• **Goal of the exercise**:
Find each line in the records below that contains the word "this", and copy it out.
========
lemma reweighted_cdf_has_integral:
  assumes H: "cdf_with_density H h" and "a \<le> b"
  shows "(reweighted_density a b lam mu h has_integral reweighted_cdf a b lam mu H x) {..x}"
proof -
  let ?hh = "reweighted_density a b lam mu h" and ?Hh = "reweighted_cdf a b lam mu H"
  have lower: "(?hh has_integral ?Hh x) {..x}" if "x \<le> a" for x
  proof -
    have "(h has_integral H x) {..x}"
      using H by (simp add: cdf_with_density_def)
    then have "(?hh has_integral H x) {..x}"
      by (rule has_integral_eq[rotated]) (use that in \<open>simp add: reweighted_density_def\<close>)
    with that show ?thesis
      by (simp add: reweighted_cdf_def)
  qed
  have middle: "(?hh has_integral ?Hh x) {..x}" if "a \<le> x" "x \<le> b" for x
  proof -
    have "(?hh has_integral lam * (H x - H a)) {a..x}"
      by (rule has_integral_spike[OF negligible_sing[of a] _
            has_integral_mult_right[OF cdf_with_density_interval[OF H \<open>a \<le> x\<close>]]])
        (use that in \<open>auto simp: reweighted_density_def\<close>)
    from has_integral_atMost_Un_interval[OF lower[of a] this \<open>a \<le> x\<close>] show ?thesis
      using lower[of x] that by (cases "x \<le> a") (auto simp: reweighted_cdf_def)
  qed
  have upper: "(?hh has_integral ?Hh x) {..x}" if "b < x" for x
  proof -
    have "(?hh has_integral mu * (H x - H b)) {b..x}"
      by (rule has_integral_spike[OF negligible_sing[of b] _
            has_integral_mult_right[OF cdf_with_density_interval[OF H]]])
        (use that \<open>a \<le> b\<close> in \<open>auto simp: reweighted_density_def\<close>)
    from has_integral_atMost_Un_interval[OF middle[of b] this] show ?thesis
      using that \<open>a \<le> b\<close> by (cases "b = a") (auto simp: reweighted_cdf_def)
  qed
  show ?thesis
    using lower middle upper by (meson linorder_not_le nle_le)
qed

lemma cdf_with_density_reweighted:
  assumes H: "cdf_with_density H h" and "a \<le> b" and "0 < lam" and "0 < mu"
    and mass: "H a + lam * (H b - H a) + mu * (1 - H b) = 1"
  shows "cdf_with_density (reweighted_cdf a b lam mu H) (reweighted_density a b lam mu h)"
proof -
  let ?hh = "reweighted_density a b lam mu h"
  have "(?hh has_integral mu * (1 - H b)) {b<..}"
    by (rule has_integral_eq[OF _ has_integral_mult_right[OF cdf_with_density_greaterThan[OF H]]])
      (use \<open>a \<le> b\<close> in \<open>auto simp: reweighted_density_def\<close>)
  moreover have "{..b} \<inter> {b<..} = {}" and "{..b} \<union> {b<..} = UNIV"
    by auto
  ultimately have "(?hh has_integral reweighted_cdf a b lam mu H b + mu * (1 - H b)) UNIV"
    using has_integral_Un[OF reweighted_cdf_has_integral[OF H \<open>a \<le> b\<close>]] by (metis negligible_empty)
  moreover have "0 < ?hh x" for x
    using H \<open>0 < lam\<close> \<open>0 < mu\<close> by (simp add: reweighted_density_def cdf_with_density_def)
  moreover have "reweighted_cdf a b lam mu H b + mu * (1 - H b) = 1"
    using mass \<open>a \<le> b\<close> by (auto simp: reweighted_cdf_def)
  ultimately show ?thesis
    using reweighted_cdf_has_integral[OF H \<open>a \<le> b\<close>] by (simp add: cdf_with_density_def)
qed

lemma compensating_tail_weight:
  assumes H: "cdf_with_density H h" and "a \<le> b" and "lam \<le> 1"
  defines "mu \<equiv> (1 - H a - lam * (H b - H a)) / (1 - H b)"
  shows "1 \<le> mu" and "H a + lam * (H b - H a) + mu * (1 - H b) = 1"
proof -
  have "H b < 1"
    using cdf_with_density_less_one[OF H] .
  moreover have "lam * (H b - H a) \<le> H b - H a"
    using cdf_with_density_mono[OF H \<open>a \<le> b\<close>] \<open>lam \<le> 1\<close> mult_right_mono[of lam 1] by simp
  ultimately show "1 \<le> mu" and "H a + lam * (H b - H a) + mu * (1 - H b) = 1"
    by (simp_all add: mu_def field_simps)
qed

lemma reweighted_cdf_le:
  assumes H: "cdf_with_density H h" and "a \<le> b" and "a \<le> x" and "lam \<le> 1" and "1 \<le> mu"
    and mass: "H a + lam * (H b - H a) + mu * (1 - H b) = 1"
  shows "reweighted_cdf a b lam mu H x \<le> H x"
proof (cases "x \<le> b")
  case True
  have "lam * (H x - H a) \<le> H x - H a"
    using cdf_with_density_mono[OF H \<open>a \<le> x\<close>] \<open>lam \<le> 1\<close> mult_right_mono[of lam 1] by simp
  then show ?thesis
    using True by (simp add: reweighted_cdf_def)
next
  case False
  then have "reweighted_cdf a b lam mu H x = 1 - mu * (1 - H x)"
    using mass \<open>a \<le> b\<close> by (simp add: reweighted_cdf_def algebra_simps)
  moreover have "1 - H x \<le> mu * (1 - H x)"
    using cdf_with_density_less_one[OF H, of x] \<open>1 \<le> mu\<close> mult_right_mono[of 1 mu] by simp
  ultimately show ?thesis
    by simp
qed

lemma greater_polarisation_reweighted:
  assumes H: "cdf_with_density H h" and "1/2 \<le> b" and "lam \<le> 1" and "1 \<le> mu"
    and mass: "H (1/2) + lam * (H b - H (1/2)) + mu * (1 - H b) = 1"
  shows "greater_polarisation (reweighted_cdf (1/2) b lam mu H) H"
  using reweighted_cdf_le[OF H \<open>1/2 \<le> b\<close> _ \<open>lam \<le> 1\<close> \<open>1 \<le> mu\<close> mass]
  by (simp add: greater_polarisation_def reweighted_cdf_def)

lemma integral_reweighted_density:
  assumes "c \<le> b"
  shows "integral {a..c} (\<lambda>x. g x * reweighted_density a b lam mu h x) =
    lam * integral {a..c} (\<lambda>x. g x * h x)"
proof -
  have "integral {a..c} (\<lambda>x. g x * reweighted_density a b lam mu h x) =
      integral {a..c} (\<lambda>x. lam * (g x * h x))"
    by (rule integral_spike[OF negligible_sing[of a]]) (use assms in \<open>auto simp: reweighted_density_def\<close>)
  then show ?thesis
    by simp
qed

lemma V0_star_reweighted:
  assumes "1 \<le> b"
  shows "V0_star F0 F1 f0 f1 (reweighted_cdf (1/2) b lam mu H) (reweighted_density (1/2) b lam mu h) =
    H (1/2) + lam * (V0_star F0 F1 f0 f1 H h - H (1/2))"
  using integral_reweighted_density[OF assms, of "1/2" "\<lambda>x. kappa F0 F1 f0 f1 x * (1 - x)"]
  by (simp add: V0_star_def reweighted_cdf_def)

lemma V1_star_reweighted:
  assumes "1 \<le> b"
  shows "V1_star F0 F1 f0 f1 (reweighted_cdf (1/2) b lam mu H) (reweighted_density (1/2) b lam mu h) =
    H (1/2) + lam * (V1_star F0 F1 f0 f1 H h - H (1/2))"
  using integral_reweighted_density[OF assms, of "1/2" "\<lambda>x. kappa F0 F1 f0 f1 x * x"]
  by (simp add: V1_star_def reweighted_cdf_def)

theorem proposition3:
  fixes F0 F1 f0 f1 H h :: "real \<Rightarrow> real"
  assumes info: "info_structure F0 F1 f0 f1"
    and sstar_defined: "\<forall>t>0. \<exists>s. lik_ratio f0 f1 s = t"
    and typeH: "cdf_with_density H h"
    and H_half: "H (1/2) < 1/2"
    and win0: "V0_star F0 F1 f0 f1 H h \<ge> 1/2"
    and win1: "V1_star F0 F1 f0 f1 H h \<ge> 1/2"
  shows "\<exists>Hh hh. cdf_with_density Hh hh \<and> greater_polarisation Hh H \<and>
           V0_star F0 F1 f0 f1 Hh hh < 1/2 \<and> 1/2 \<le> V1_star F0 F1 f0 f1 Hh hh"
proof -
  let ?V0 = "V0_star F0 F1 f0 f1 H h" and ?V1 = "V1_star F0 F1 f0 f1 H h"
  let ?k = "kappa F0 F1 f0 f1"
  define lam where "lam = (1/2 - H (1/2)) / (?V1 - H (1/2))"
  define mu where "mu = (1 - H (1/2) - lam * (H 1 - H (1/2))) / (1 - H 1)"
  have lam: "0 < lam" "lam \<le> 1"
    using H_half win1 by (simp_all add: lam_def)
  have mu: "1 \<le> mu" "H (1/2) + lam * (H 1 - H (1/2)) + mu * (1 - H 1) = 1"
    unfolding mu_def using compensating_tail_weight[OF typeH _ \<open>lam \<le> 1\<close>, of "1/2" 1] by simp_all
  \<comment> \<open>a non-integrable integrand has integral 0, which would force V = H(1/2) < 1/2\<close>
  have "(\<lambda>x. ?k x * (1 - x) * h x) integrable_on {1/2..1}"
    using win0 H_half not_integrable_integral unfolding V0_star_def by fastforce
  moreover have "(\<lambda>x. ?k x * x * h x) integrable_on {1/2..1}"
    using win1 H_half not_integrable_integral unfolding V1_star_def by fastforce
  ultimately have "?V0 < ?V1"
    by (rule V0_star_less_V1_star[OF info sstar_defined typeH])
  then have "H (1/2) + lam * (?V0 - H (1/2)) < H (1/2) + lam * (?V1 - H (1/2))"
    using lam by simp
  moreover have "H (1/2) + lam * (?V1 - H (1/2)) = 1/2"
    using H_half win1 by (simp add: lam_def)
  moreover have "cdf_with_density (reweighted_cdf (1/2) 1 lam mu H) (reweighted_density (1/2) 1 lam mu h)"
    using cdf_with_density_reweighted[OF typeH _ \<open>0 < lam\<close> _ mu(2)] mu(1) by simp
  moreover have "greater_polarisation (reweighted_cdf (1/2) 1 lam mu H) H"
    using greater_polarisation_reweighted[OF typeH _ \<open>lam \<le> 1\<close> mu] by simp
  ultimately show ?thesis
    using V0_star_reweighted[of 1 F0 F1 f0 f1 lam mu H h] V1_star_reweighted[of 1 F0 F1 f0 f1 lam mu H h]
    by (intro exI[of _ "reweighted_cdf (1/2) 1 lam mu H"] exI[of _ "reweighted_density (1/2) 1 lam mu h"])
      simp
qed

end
========
• **Answer to the problem**:
    from has_integral_atMost_Un_interval[OF lower[of a] this \<open>a \<le> x\<close>] show ?thesis
    from has_integral_atMost_Un_interval[OF middle[of b] this] show ?thesis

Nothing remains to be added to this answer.